レモンは不満そうに口を閉じ、ランブロンもむすっと黙った。
「次はローバーさん、よろしいですか?」
ゼフはローバーに顔を向けた。
ローバーはビクッと顔を上げる。
「あなたは、蔦の手入れをしていたんですね?」
ローバーは小さくうなずく。
「ハシゴを使って、窓の周りに伸びた蔦を切っていました」
「その作業は、アルマが執務室に入るよりも先に?」
「いえ……始めた時には、すでにアルマが室内にいました」
「そうなんですか?」
ゼフはアルマに顔を向けた。
「掃除をしているとき、ローバーが昇ってきたのは見えました」
なるほど、とゼフはうなずく。
「その時、窓は開いていました?」
「一度開けましたが、ローバーがすぐに閉めてしまいました」
アルマに言われて、今度はローバーに顔を向ける。
「部屋の中に、切った蔦の葉っぱが入ってしまうので」
ローバーがおどおどしながら答える。
ゼフは再びアルマに目線を戻す。
「ということは、あなたが窓辺の棚に瓶を置いたとき、窓は閉まっていた、ということですね?」
「そう……ですね」
不安そうに眉を寄せながら、アルマはうなずいた。
ゼフは再びローバーに目を向ける。
「それは、確かですか?」
「は、はい。

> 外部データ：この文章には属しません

lemma divdiff_one_recurrence:
  assumes "finite C" "inj_on c C" "x \<in> C" "y \<in> C"
  shows "(c x - c y) * divdiff c (\<lambda>_. 1) C =
           divdiff c (\<lambda>_. 1) (C - {x}) - divdiff c (\<lambda>_. 1) (C - {y})"
proof -
  have shift: "divdiff c (\<lambda>l. c l - c z) C = - divdiff c (\<lambda>_. 1) (C - {z})" if "z \<in> C" for z
    using divdiff_insert_linear_factor[of "C - {z}" z c "- c z" "\<lambda>_. 1"] assms that
    by (simp add: insert_absorb)
  have "(c x - c y) * divdiff c (\<lambda>_. 1) C = divdiff c (\<lambda>_. c x - c y) C"
    by (simp add: divdiff_def sum_distrib_left)
  also have "\<dots> = divdiff c (\<lambda>l. c l - c y) C - divdiff c (\<lambda>l. c l - c x) C"
    using divdiff_linear[of c 1 "\<lambda>l. c l - c y" "\<lambda>l. c l - c x" C] by simp
  finally show ?thesis
    using shift assms by simp
qed

lemma divdiff_one_eq_0:
  assumes "finite C" "inj_on c C" "card C \<ge> 2"
  shows "divdiff c (\<lambda>_. 1) C = 0"
  using assms
proof (induction "card C" arbitrary: C rule: less_induct)
  case less
  obtain x y where xy: "x \<in> C" "y \<in> C" "x \<noteq> y"
    using less.prems(1,3) card_le_Suc0_iff_eq[of C] by fastforce
  have "divdiff c (\<lambda>_. 1) (C - {x}) = divdiff c (\<lambda>_. 1) (C - {y})"
  proof (cases "card C = 2")
    case True
    then obtain u v where "C = {u, v}"
      by (auto simp: card_2_iff)
    with xy have "C - {x} = {y}" "C - {y} = {x}"
      by auto
    then show ?thesis by simp
  next
    case False
    have "divdiff c (\<lambda>_. 1) (C - {z}) = 0" if "z \<in> C" for z
    proof (rule less.hyps)
      show "card (C - {z}) < card C" "card (C - {z}) \<ge> 2"
        using False less.prems that by (auto simp: card_Diff_singleton)
    qed (use less.prems in \<open>auto intro: inj_on_subset\<close>)
    then show ?thesis
      using xy by simp
  qed
  moreover have "c x \<noteq> c y"
    using less.prems(2) xy by (auto simp: inj_on_def)
  ultimately show ?case
    using divdiff_one_recurrence[OF less.prems(1,2) xy(1,2)] by simp
qed

lemma partial_fraction_swap:
  fixes x :: "'a \<Rightarrow> real" and y :: "'b \<Rightarrow> real"
  assumes fin: "finite A" "finite B" and ne: "A \<noteq> {}" "B \<noteq> {}"
    and inj: "inj_on x A" "inj_on y B"
    and nz: "\<And>a b. a \<in> A \<Longrightarrow> b \<in> B \<Longrightarrow> x a + y b \<noteq> 0"
  shows "(\<Sum>b\<in>B. 1 / ((\<Prod>a\<in>A. x a + y b) * (\<Prod>i\<in>B - {b}. y i - y b))) =
         (\<Sum>a\<in>A. 1 / ((\<Prod>j\<in>A - {a}. x j - x a) * (\<Prod>i\<in>B. y i + x a)))"
    (is "?S1 = ?S2")
proof -
  define c where "c = case_sum (\<lambda>a. - x a) y"
  define N where "N = card A"
  have N: "N \<ge> 1"
    using fin ne by (simp add: N_def Suc_le_eq card_gt_0_iff)
  have "c (Inl a) \<noteq> c (Inr b)" "c (Inr b) \<noteq> c (Inl a)" if "a \<in> A" "b \<in> B" for a b
    using nz[OF that] by (auto simp: c_def add_eq_0_iff)
  then have "inj_on c (A <+> B)"
    using inj by (intro inj_onI) (elim PlusE; auto simp: c_def dest: inj_onD)
  moreover have "card (A <+> B) \<ge> 2"
    using fin ne card_gt_0_iff[of A] card_gt_0_iff[of B] by (simp add: card_Plus)
  ultimately have "divdiff c (\<lambda>_. 1) (A <+> B) = 0"
    using fin by (intro divdiff_one_eq_0) auto
  moreover have "divdiff c (\<lambda>_. 1) (A <+> B) = (-1) ^ (N - 1) * ?S2 + (-1) ^ N * ?S1"
  proof -
    have sign: "1 / ((-1) ^ k * X) = (-1) ^ k * (1 / X)" for k and X :: real
      by (cases "even k") auto
    have "(\<Prod>q\<in>(A <+> B) - {Inl a}. c q - c (Inl a)) =
            (-1) ^ (N - 1) * ((\<Prod>j\<in>A - {a}. x j - x a) * (\<Prod>i\<in>B. y i + x a))"
      if "a \<in> A" for a
    proof -
      have "(A <+> B) - {Inl a} = (A - {a}) <+> B" by auto
      then show ?thesis
        using fin that prod_uminus[of "\<lambda>j. x j - x a" "A - {a}"]
        by (simp add: prod.Plus c_def o_def N_def)
    qed
    moreover have "(\<Prod>q\<in>(A <+> B) - {Inr b}. c q - c (Inr b)) =
            (-1) ^ N * ((\<Prod>a\<in>A. x a + y b) * (\<Prod>i\<in>B - {b}. y i - y b))"
      for b
    proof -
      have "(A <+> B) - {Inr b} = A <+> (B - {b})" by auto
      then show ?thesis
        using fin prod_uminus[of "\<lambda>a. x a + y b" A]
        by (simp add: prod.Plus c_def o_def N_def)
    qed
    ultimately show ?thesis
      using fin by (simp add: divdiff_def sum.Plus sign sum_distrib_left)
  qed
  moreover have "(-1 :: real) ^ N = - ((-1) ^ (N - 1))"
    using N by (cases N) auto
  ultimately have "(-1) ^ (N - 1) * (?S2 - ?S1) = 0"
    by (simp add: algebra_simps)
  then show ?thesis
    by simp
qed

lemma nonneg_if_pos_except_0:
  fixes a :: "nat \<Rightarrow> real"
  assumes "\<forall>j\<ge>1. a j > 0" "a 0 = 0"
  shows "a l \<ge> 0"
  using assms by (cases "l = 0") (auto simp: less_imp_le)

lemma inj_if_pos_except_0:
  fixes a :: "nat \<Rightarrow> real"
  assumes "\<forall>j\<ge>1. a j > 0" "a 0 = 0" "inj_on a {1..}"
  shows "inj a"
proof (rule injI)
  fix i j assume eq: "a i = a j"
  have zero: "a l = 0 \<longleftrightarrow> l = 0" for l
    using assms(1)[rule_format, of l] assms(2) by (cases "l = 0") auto
  show "i = j"
  proof (cases "i = 0 \<or> j = 0")
    case True
    then show ?thesis using eq zero by metis
  next
    case False
    then show ?thesis using eq assms(3) by (auto dest: inj_onD)
  qed
qed

definition urn_formula :: "(nat \<Rightarrow> real) \<Rightarrow> (nat \<Rightarrow> real) \<Rightarrow> nat \<Rightarrow> nat \<Rightarrow> nat \<Rightarrow> real" where
  "urn_formula a b n m k =
     (\<Prod>h=1..m. b h) * (\<Prod>h=k+1..n. a h) * divdiff a (\<lambda>l. 1 / (\<Prod>i=1..m. b i + a l)) {k..n}"

lemma urn_formula_eq_0:
  "n < k \<Longrightarrow> urn_formula a b n m k = 0"
  by (simp add: urn_formula_def)

lemma urn_formula_0_left:
  assumes "a 0 = 0" "\<forall>j\<ge>1. b j > 0"
  shows "urn_formula a b 0 m k = pmf (return_pmf 0) k"
  using assms by (cases k) (auto simp: urn_formula_def)

lemma urn_formula_0_right:
  assumes "inj a"
  shows "urn_formula a b n 0 k = pmf (return_pmf n) k"
proof -
  have "divdiff a (\<lambda>_. 1) {k..n} = 0" if "k < n"
    using that assms by (intro divdiff_one_eq_0) (auto intro: inj_on_subset)
  then show ?thesis
    by (cases "k < n"; cases "k = n") (simp_all add: urn_formula_def)
qed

窓際に瓶が置いてあるのは見えました」
おずおずと、ローバーはうなずく。
「でも、窓に鍵はかかっていなかったんだろ? 手を伸ばせば届くじゃないか」
ランブロンがローバーをにらむ。
ゼフはチラッとランブロンに目を向けた。
「でも、アルマは机の上に戻した、と言っています」
「はい、確かに戻しました」
うなずくアルマを、ランブロンはにらみつける。
「二人で嘘をついているかも知れないぞ。私がここに入った時には、もう瓶はなかったんだからな!」
そんな、とアルマは言葉を詰まらせる。
ローバーも青い顔で黙り込む。
「それは……どうでしょうか」
ゼフは軽く首をかしげた。
「どういう意味だ?」
「もしアルマが共犯なら、わざわざ瓶を机の上から移動させたことを打ち明ける理由がわからなくなります。ごまかすのなら『瓶には触らなかった』もしくは『瓶に気づかなかった』と言ったほうが疑われずにすむはずです」
「むむ……」
ランブロンは口ごもった。
アルマとローバーは、ホッとしたように息を吐いた。
(困りましたわね……)
アンジェは両手のひらを胸の前で合わせ、考え込んだ。
このままでは、なかなかみんなの疑いが解けない。
(ヒントは……どこに転がっているのかしら……)
部屋の中を見回しながら、アンジェはため息をついた。